DOT Fee Provision Was Specific, Not Allowing For Fee Recovery Under The Circumstances.
The next case should be of interest to real estate secured lender attorneys, counseling on what they may need to do in certain payoff/junior lienholder foreclosure situations. It also may counsel some changes to the standard deed of trust instruments which are recorded many, many times in order to garner contractual fee recovery in situations like the one we will now describe.
Tyler v. Wells Fargo Bank, N.A., Case No. E063985 (4th Dist., Div. 2 July 8, 2016) (unpublished) was a situation where real estate senior lienholder had its debt paid off by the junior lienholder, which eventually foreclosed on the debtor’s property. However, debtor sued senior lienholder and others for wrongful foreclosure and other claims, with senior lienholder eventually winning and then seeking to recovery contractual attorney’s fees under a deed of trust provision. Both the lower and appellate courts determined that the lender was not entitled to recover fees from the losing plaintiff.

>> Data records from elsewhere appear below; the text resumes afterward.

(* If $R$ is an Artinian ring of finite Ext-index, then $R_\mathfrak{p}$ is of finite Ext-index for every prime ideal $\mathfrak{p}$ of $R$.
   Context: All rings are commutative Noetherian with unity. For a ring $A$ and nonzero $A$-modules $M,N$, set $p^A(M,N)=\sup\{i\in\mathbb{N} : \mathrm{Ext}^i_A(M,N)\neq 0\}\ (\leq\infty)$. The Ext-index of $A$ is $\mathrm{Ext}\text{-}\mathrm{index}(A)=\sup\{p^A(M,N) : M,N \text{ finitely generated } A\text{-modules with } p^A(M,N)<\infty\}$, and $A$ is of finite Ext-index if this is finite. *)

theory Defs
  imports "HOL-Algebra.Algebra" "HOL-Library.Extended_Nat"
begin

definition artinian_ring :: "('a, 'm) ring_scheme \<Rightarrow> bool" where
  "artinian_ring R \<longleftrightarrow> ring R \<and>
     \<not> (\<exists>I :: nat \<Rightarrow> 'a set. \<forall>n. ideal (I n) R \<and> I (Suc n) \<subset> I n)"

definition loc_rel :: "('a, 'm) ring_scheme \<Rightarrow> 'a set \<Rightarrow> (('a \<times> 'a) \<times> ('a \<times> 'a)) set" where
  "loc_rel R P = {((a, s), (b, t)).
     a \<in> carrier R \<and> s \<in> carrier R - P \<and> b \<in> carrier R \<and> t \<in> carrier R - P \<and>
     (\<exists>u \<in> carrier R - P. u \<otimes>\<^bsub>R\<^esub> ((a \<otimes>\<^bsub>R\<^esub> t) \<ominus>\<^bsub>R\<^esub> (b \<otimes>\<^bsub>R\<^esub> s)) = \<zero>\<^bsub>R\<^esub>)}"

The reason? The deed of trust fee provision was very narrow and specific, only allowing the senior lienholder to add fees to the debt secured by the property. In this particular case, the senior lien had been paid off and extinguished such that the fees could not be added to anything. In coming to this result, the appellate court found persuasive the reasoning in a federal decision, Valencia v. Carrington Mortg. Servs., LLC, 2013 U.S. Dist. LEXIS 88886 (D. Hawaii 2013).
BLOG COMMENT—This result might counsel redrafting DOT provisions which add fee expenditures to the secured debt. Given that the senior lienholder incurred costs after payoff of its debt and post-foreclosure by the junior lienholder, the only way to recoup fees was if the fees provision was worded differently. This decision, although unpublished, should have some lenders giving consideration to restructuring some deed of trust clauses—especially given that the senior lender could not obtain any increased moneys as a payoff from the junior lienholders given that the attorney’s fees were incurred in a much downstream action occurring after the senior lien had been extinguished.